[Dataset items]
lemma (in vector_space) Int_in_fin_codim_ideals:
  assumes "I \<in> fin_codim_ideals scale m" "J \<in> fin_codim_ideals scale m"
  shows "I \<inter> J \<in> fin_codim_ideals scale m"
  using assms unfolding fin_codim_ideals_iff by (simp add: subspace_inter finite_codim_Int)

lemma (in vector_space) linear_topology_base_fin_codim_ideals:
  "linear_topology_base (fin_codim_ideals scale m)"
  unfolding linear_topology_base_def
proof (intro conjI)
  show "fin_codim_ideals scale m \<noteq> {}"
    using UNIV_in_fin_codim_ideals by blast
  show "\<forall>N\<in>fin_codim_ideals scale m. 0 \<in> N \<and> (\<forall>x\<in>N. \<forall>y\<in>N. x + y \<in> N)"
    using fin_codim_idealsD(1) subspace_0 subspace_add by blast
  show "\<forall>N1\<in>fin_codim_ideals scale m. \<forall>N2\<in>fin_codim_ideals scale m.
      \<exists>N\<in>fin_codim_ideals scale m. N \<subseteq> N1 \<inter> N2"
    using Int_in_fin_codim_ideals by blast
qed

lemma vimage_fin_codim_ideal:
  assumes "vector_space s1" "vector_space s2" and f: "Vector_Spaces.linear s1 s2 f"
    and mult: "\<And>x y. f (m1 x y) = m2 (f x) (f y)" and K: "K \<in> fin_codim_ideals s2 m2"
  shows "f -` K \<in> fin_codim_ideals s1 m1"
  unfolding fin_codim_ideals_iff
proof (intro conjI)
  show "module.subspace s1 (f -` K)"
    using module_hom.subspace_vimage[OF module_hom_linearI[OF f] fin_codim_idealsD(1)[OF K]] .
  show "\<forall>x\<in>f -` K. \<forall>r. m1 r x \<in> f -` K \<and> m1 x r \<in> f -` K"
    by (simp add: mult fin_codim_idealsD(2,3)[OF K])
  show "finite_codim s1 (f -` K)"
    using finite_codim_vimage[OF assms(1,2) f] fin_codim_idealsD(1,4)[OF K] .
qed

text \<open>The classical fact that the annihilator of the finite-dimensional module
  \<open>V / L\<close> has finite codimension: it is the intersection of the finitely many
  subspaces \<open>{z. z f \<in> L}\<close>, \<open>f\<close> ranging over a complement of \<open>L\<close>.\<close>
lemma (in vector_space) fin_codim_left_ideal_contains_ideal:
  assumes bilin: "bilinear_map scale scale scale m"
    and assoc: "\<And>x y z. m (m x y) z = m x (m y z)" and unit: "\<And>x. m x e = x"
    and L: "subspace L" "\<And>r z. z \<in> L \<Longrightarrow> m r z \<in> L" "finite_codim scale L"
  shows "\<exists>K\<in>fin_codim_ideals scale m. K \<subseteq> L"
proof -
  have lin_left: "Vector_Spaces.linear scale scale (\<lambda>z. m z r)"
    and lin_right: "Vector_Spaces.linear scale scale (m z)" for r z
    using bilin unfolding bilinear_map_def by blast+
  define K where "K = {z. \<forall>r. m z r \<in> L}"
  obtain F where "finite F" and F: "span (L \<union> F) = UNIV"
    using L(3) unfolding finite_codim_def by blast
  have K_eq: "K = (\<Inter>f\<in>F. (\<lambda>z. m z f) -` L)"
  proof
    show "(\<Inter>f\<in>F. (\<lambda>z. m z f) -` L) \<subseteq> K"
    proof
      fix z assume z: "z \<in> (\<Inter>f\<in>F. (\<lambda>z. m z f) -` L)"
      have "m z r \<in> L" for r
        by (rule linear_image_in_subspace[OF lin_right L(1) F]) (use z L(2) in blast)
      then show "z \<in> K"
        unfolding K_def by blast
    qed
  qed (auto simp: K_def)
  have "subspace K" "finite_codim scale K"
    unfolding K_eq using \<open>finite F\<close>
    by (auto intro!: subspace_Inter finite_codim_INT finite_codim_vimage[OF _ _ lin_left]
        module_hom.subspace_vimage[OF module_hom_linearI[OF lin_left]] L(1,3) vector_space_axioms)
  moreover have "\<forall>x\<in>K. \<forall>r. m r x \<in> K \<and> m x r \<in> K"
    by (simp add: K_def assoc L(2))
  moreover have "K \<subseteq> L"
    unfolding K_def using unit by (metis (mono_tags) mem_Collect_eq subsetI)
  ultimately show ?thesis
    by (intro bexI[of _ K]) (simp_all add: fin_codim_ideals_iff)
qed
lemma nowhere_dense_in_closure_of_diff:
  assumes "openin X U"
  shows "nowhere_dense_in X (X closure_of U - U)"
proof (rule closedin_nowhere_dense_in)
  show "closedin X (X closure_of U - U)"
    using assms by (simp add: closedin_diff)
  define W where "W = X interior_of (X closure_of U - U)"
  have "W \<subseteq> X closure_of U - U"
    unfolding W_def by (rule interior_of_subset)
  moreover have "W \<inter> X closure_of U = {}"
    using calculation openin_Int_closure_of_eq_empty[of X W U] by (auto simp: W_def)
  ultimately show "X interior_of (X closure_of U - U) = {}"
    unfolding W_def by blast
qed

lemma nowhere_dense_in_imp_meager_in: "nowhere_dense_in X N \<Longrightarrow> meager_in X N"
  unfolding meager_in_def by (rule exI[of _ "{N}"]) auto

lemma meager_in_empty [simp]: "meager_in X {}"
  unfolding meager_in_def by (rule exI[of _ "{}"]) auto

lemma meager_in_subset:
  assumes "meager_in X M" "S \<subseteq> M"
  shows "meager_in X S"
proof -
  obtain \<F> where "countable \<F>" "\<forall>N\<in>\<F>. nowhere_dense_in X N" "M = \<Union>\<F>"
    using assms(1) unfolding meager_in_def by blast
  then show ?thesis
    unfolding meager_in_def using assms(2)
    by (intro exI[of _ "(\<lambda>N. N \<inter> S) ` \<F>"]) (auto intro: nowhere_dense_in_subset)
qed

lemma meager_in_Union:
  assumes "countable \<M>" "\<And>M. M \<in> \<M> \<Longrightarrow> meager_in X M"
  shows "meager_in X (\<Union>\<M>)"
proof -
  obtain \<F> where \<F>: "\<And>M. M \<in> \<M> \<Longrightarrow>
      countable (\<F> M) \<and> (\<forall>N\<in>\<F> M. nowhere_dense_in X N) \<and> M = \<Union>(\<F> M)"
    using assms(2) unfolding meager_in_def by metis
  have "\<Union>\<M> = (\<Union>M\<in>\<M>. \<Union>(\<F> M))"
    using \<F> by simp
  also have "\<dots> = \<Union>(\<Union>(\<F> ` \<M>))"
    by auto
  finally show ?thesis
    unfolding meager_in_def using \<F> assms(1) by (intro exI[of _ "\<Union>(\<F> ` \<M>)"]) auto
qed

lemma meager_in_UN:
  assumes "\<And>n::nat. meager_in X (M n)"
  shows "meager_in X (\<Union>n. M n)"
  using assms by (intro meager_in_Union) auto
(* Let $P\in\mathcal{P}$ and $t\in[0,T]$. Then $$E_P[\alpha_t^T(P)]=\sup_{X\in L^1_G(\Omega_T)}E_P\big[E_P[X\mid\mathcal{F}_t]-\tilde{\mathbb{E}}_t[X]\big]$$ and $$\alpha_0^T(P)=\alpha_0^t(P)+E_P[\alpha_t^T(P)].$$
   Context: Fix $T>0$, $d\ge1$. $\Omega_T=C_0([0,T];\mathbb{R}^d)$, $B$ the canonical process, $\mathcal{F}_t=\sigma(B_s:s\le t)$. $(\hat{\mathbb{E}},(\hat{\mathbb{E}}_t))$ is the $G$-expectation for a monotone sublinear $G$, $\mathcal{P}$ the weakly compact convex set of probability measures with $\hat{\mathbb{E}}[X]=\sup_{P\in\mathcal{P}}E_P[X]$. $(\tilde{\mathbb{E}},(\tilde{\mathbb{E}}_t))$ is the consistent convex $\tilde G$-expectation associated to $\tilde G:\mathbb{S}_d\to\mathbb{R}$ with $\tilde G(0)=0$, monotone, convex, $\tilde G(A_1)-\tilde G(A_2)\le G(A_1-A_2)$; it is dominated by $\hat{\mathbb{E}}_t$ and consistent ($\tilde{\mathbb{E}}[\tilde{\mathbb{E}}_t[X]]=\tilde{\mathbb{E}}[X]$). $L^1_G(\Omega_t)$ is the completion of bounded Lipschitz cylinder functionals of $(B_s)_{s\le t}$ under $\hat{\mathbb{E}}[|\cdot|]$. Definitions: $\alpha_0^t(P):=\sup_{Y\in L^1_G(\Omega_t)}(E_P[Y]-\tilde{\mathbb{E}}[Y])$; $\alpha_t^T(P):=\operatorname{ess\,sup}^P_{Y\in L^1_G(\Omega_T)}(E_P[Y\mid\mathcal{F}_t]-\tilde{\mathbb{E}}_t[Y])$, $P$-a.s. *)

theory Defs
  imports "HOL-Probability.Probability"
begin
(* Let $n,k$ be positive integers, $m=kn+1$, $\delta=\frac{(m-1)(n-1)}2$, let $\Delta$ be a zero-normalized $\Gamma_{m,n}$-semimodule and $D=D(\Delta)$. Then $\mathrm{bounce}(G_{kn+1}(D))=\delta-|D|$.
   Context: $\Gamma_{m,n}=\{am+bn:a,b\in\mathbb{Z}_{\ge0}\}$. A $\Gamma_{m,n}$-semimodule is $\Delta\subset\mathbb{Z}_{\ge0}$ with $\Delta+\Gamma_{m,n}\subset\Delta$; zero-normalized means $\min\Delta=0$. Label the box with lower-left corner $(x,y)$, $x,y\in\mathbb{Z}_{\ge0}$, of the positive quadrant by $mn-m(1+x)-n(1+y)$; $D(\Delta)$ is the set of boxes whose labels lie in $\Delta\setminus\Gamma_{m,n}$ (a Young diagram in the width-$m$, height-$n$ rectangle below its diagonal). Let $a_0<a_1<\dots<a_{m-1}$ be the $m$-generators of $\Delta$ (elements $a\in\Delta$ with $a-m\notin\Delta$) and $g(x)=\#(([x,x+n)\cap\mathbb{Z})\setminus\Delta)$; then $g(a_0)\ge\dots\ge g(a_{m-1})$, and $G_{kn+1}(D)$ is the Young diagram whose column heights are $g(a_0),\dots,g(a_{m-1})$ (columns indexed $0,\dots,m-1$ from west to east, drawn in the rectangle with southwest corner $(0,0)$). Loehr's bounce path of a diagram $E$ in this rectangle: start at $(x_0,y_0)=(0,n)$; for $i=0,1,2,\dots$, from $(x_i,y_i)$ step south to $(x_i,y_i')$ where $y_i'$ is the height of column $x_i$ of $E$ (so the path stays outside $E$; this is the vertical step $v_i=y_i-y_i'$), then step east by $h_i=v_i+v_{i-1}+\dots+v_{i-k+1}$ (omitting terms with negative index) to $(x_{i+1},y_{i+1})=(x_i+h_i,y_i')$; stop after the south step that reaches height $0$. Then $\mathrm{bounce}(E)$ is the sum of the heights $y_i'$ of all southwest corners reached, i.e. $\sum_i\big(n-\sum_{j\le i}v_j\big)$. *)

theory Defs
  imports Main
begin

definition Gamma :: "nat \<Rightarrow> nat \<Rightarrow> nat set" where
  "Gamma m n = {a * m + b * n | a b. True}"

WHAT THE TASK ASKS: Count the lines of the entries above that contain the word "rule" and give only the number.

EXERCISE ANSWER: 5